Love can hurt
by LordStarscream22
Summary: This is a little One-Shot about Starscreams Feelings for Arcee TFP One Shot It is written from Starscreams perspective


**Love can hurt… **

**-A StarXCee Fanfic – **

It has been a while now, since i rescued Arcee from Airachnid. I just wanted to return the favor that she has spared my life a few months ago, when we were fighting against each other.

I thought it would be a simple, little rescue mission for me, nothing special. But now I know that it wasn't "nothing special" to me. On the contrary…

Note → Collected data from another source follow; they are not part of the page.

lemma sigma2_arith_large:
  fixes d r s k x :: int
  defines "n \<equiv> d + r"
  assumes "0 \<le> d" "0 \<le> r" "0 \<le> s" "2 \<le> k" "2 * k \<le> n" "\<not> (n \<le> 6 \<and> k = n div 2)"
    and "2 * (k - d) \<le> s" and "k + 1 \<le> d \<Longrightarrow> n \<le> 2 * k + 1"
    and "d = 0 \<Longrightarrow> 8 * (n - 1) \<le> x"
    and "1 \<le> d \<Longrightarrow> x = d * (d - 1) + 4 * d * r + 4 * s"
  shows "4 * n + 8 * k - 12 \<le> x" and "x = 4 * n + 8 * k - 12 \<Longrightarrow> d = 1 \<and> s = 2 * (k - 1)"
proof -
  have n6: "6 \<le> n" using assms(5,6,7) by linarith
  consider "d = 0" | "d = 1" | "2 \<le> d" "d \<le> k" | "k + 1 \<le> d" using assms(2) by linarith
  then have "4 * n + 8 * k - 12 < x \<or> (d = 1 \<and> x = 4 * n + 8 * k - 12 + 4 * (s - 2 * (k - 1)))"
  proof cases
    case 1
    then have "8 * (n - 1) \<le> x" by (rule assms(10))
    then show ?thesis using assms(6) by (simp add: algebra_simps)
  next
    case 2
    then show ?thesis using assms(11) n_def by (simp add: algebra_simps)
  next
    case 3
    have "0 < (d - 1) * (4 * n - 3 * d - 12)" using 3 n6 assms(6) by (intro mult_pos_pos) linarith+
    then show ?thesis using 3 assms(8,11) n_def by (simp add: algebra_simps)
  next
    case 4
    then have "k = n div 2" using assms(6,9) by presburger
    then have n7: "7 \<le> n" using n6 assms(7) by linarith
    have "0 \<le> r * (2 * d - r + 1)" using 4 assms(3,6,9) n_def by simp
    moreover have "4 * n + 8 * k - 12 < n * (n - 1)"
    proof (cases "n = 7")
      case True
      then show ?thesis using assms(6) by presburger
    next
      case False
      then have "0 \<le> (n - 8) * (n - 1)" using n7 by simp
      then show ?thesis using assms(6) by (simp add: algebra_simps)
    qed
    ultimately show ?thesis using 4 assms(4,5,11) n_def by (simp add: algebra_simps)
  qed
  then show "4 * n + 8 * k - 12 \<le> x" and "x = 4 * n + 8 * k - 12 \<Longrightarrow> d = 1 \<and> s = 2 * (k - 1)"
    using assms(8) by auto
qed
lemma bdd_above_good_codes:
  assumes "\<phi> \<in> Cfun code_space" shows "bdd_above ((\<lambda>(p,t). min (\<phi> p) t) ` good_codes x)"
proof (rule bdd_above_supmin[OF compact_space_code_space assms])
  show "fst ` good_codes x \<subseteq> topspace code_space" using fst_good_codes by blast
qed

lemma good_codes_nonempty: "x \<in> topspace X \<Longrightarrow> good_codes x \<noteq> {}"
  using good_codes_unbounded by blast

lemma splice_code:
  assumes p0: "p0 \<in> codes" "\<forall>i\<in>I. tails_within c (digit_row p0 i)"
    and \<eta>: "0 < \<eta>" "\<eta> < c" "c \<le> 1/4" and F: "F \<subseteq> I"
    and x: "x \<in> topspace X" "\<forall>i\<in>F. \<bar>u i x - u i (decode p0)\<bar> \<le> \<eta> / 2^k"
  obtains p where "p \<in> codes" "decode p = x" "\<forall>i\<in>I. tails_within (c - \<eta>) (digit_row p i)"
    "\<forall>i\<in>F. \<forall>n<k. p (i,n) = p0 (i,n)"
proof -
  have "\<exists>s. digit_seq s \<and> digits_value s = u i x \<and> tails_within (c - \<eta>) s \<and>
      (i \<in> F \<longrightarrow> (\<forall>n<k. s n = p0 (i,n)))" if i: "i \<in> I" for i
  proof (cases "i \<in> F")
    case True
    have "digits_value (digit_row p0 i) = u i (decode p0)"
      using encodes_decode[OF p0(1)] i by (simp add: encodes_def)
    then have "\<bar>u i x - digits_value (digit_row p0 i)\<bar> \<le> \<eta> / 2^k" using x(2) True by simp
    with splice_digits[OF digit_seq_digit_row[OF subsetD[OF codes_subset p0(1)] i] _ \<eta>]
    obtain s where "digit_seq s" "\<forall>n<k. s n = digit_row p0 i n" "digits_value s = u i x"
      "tails_within (c - \<eta>) s"
      using p0(2) i by metis
    then show ?thesis by (auto simp: digit_row_def)
  next
    case False
    have "tails_within (1/4) (greedy_digits (u i x))"
      using range[OF i x(1)] by (simp add: tails_within_greedy_digits)
    then have "tails_within (c - \<eta>) (greedy_digits (u i x))"
      by (rule tails_within_mono[rotated]) (use \<eta> in linarith)
    then show ?thesis
      using False range[OF i x(1)]
      by (intro exI[of _ "greedy_digits (u i x)"])
         (simp add: digit_seq_greedy_digits digits_value_greedy_digits)
  qed
  then obtain S where S: "\<forall>i\<in>I. digit_seq (S i) \<and> digits_value (S i) = u i x \<and>
      tails_within (c - \<eta>) (S i) \<and> (i \<in> F \<longrightarrow> (\<forall>n<k. S i n = p0 (i,n)))"
    by metis
  note code = code_of_rows[where S=S, OF x(1)]
  show ?thesis
  proof
    show "restrict (\<lambda>(i,n). S i n) (I \<times> UNIV) \<in> codes"
      "decode (restrict (\<lambda>(i,n). S i n) (I \<times> UNIV)) = x"
      using code S by blast+
    show "\<forall>i\<in>I. tails_within (c - \<eta>) (digit_row (restrict (\<lambda>(i,n). S i n) (I \<times> UNIV)) i)"
      using code(3) S by simp
    show "\<forall>i\<in>F. \<forall>n<k. restrict (\<lambda>(i,n). S i n) (I \<times> UNIV) (i,n) = p0 (i,n)"
      using S F by auto
  qed
qed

A sigh came out from my mouth as I remember back the last events that happened in my live. I had lost my T-Cog, thanks to MECH. Oh I would love to get my claws on this little fleshling Silas! He will pay for all the things, he has done to me!

My thoughts going further and I clenched my fists, as I remember the day, when i met Airachnid in the forest. I just wanted to build an alliance with her and what was she doing? She send that damn Insecticon out to kill me!

I wrapped my arms around my legs and hide my face in my knees. It hurt me to remember all the things, that happened to me in the past. First Megatron, who loved to torture me every day. Than Knockout who loved to tease me. Oh, how I hated this! This Decepticon seems to haven't had any respect for me! Than I left the Decepticons and I was on my own. First it was a good feeling for me to be alone. No one who tortured you when you failed him, no one who loved to tease you and no one who loved to demote and abandoned you!

But after some time I started to feel so lonely. I couldn't go back to the Autobots and ask for their help. Not after what I have done to Arcee…

I clenched my fists even more, but I ignored the pain that went through my body when I did that. It wasn't right to attack the femme, I know it now. But when I was attacking her, I was just the stupid Decepticon I wanted to be. It wasn't me. I won't hurt a Femme…but I have done it. And I feel sorry for her…

I looked up and again a sigh came out from my mouth. Why should i feel sorry for an Autobot? No! She wasn't just an Autobot. She was more…

I don't know what happened on the day, when i rescued her from Airachnid. It felt good to shot at this damn spider! Sadly i missed her with my missiles but i will get her for sure in the future, i swear it by the Allspark! I will get my revenge on her!

But there is one question i need an answer for. Why i haven't killed Arcee when i had the chance fort hat?

First i thought it was just to get even with her, but there is more, i know it. I have seen something in her optics. I have no idea what it was, but it was beautiful and i couldn't hurt her anymore. It isn't in my nature to hurt a femme after all. I am not like Megatron and i never wanted to be like him!

My Body started to tremble on my next thoughts. Arcee started to trust me, when we were alone in that canyon. But than i inadvertently told her, that i killed her Partner Cliffjumper. Oh i was so stupid! Stupid, stupid, stupid!

I should shut my mouth or i should just to be careful in what i am saying! But it was too late and i told her. I was so afraid when i saw the angry spark in her optics and all i wanted in that moment was to fly away from her. But i couldn't and i lead her straight into a trap of mine. I had hurt her badly on her side and it was hard for her to fight me after i opened my cuffs. I was enjoying our little fight at this moment and i felt so bad right know when i remembered all that things…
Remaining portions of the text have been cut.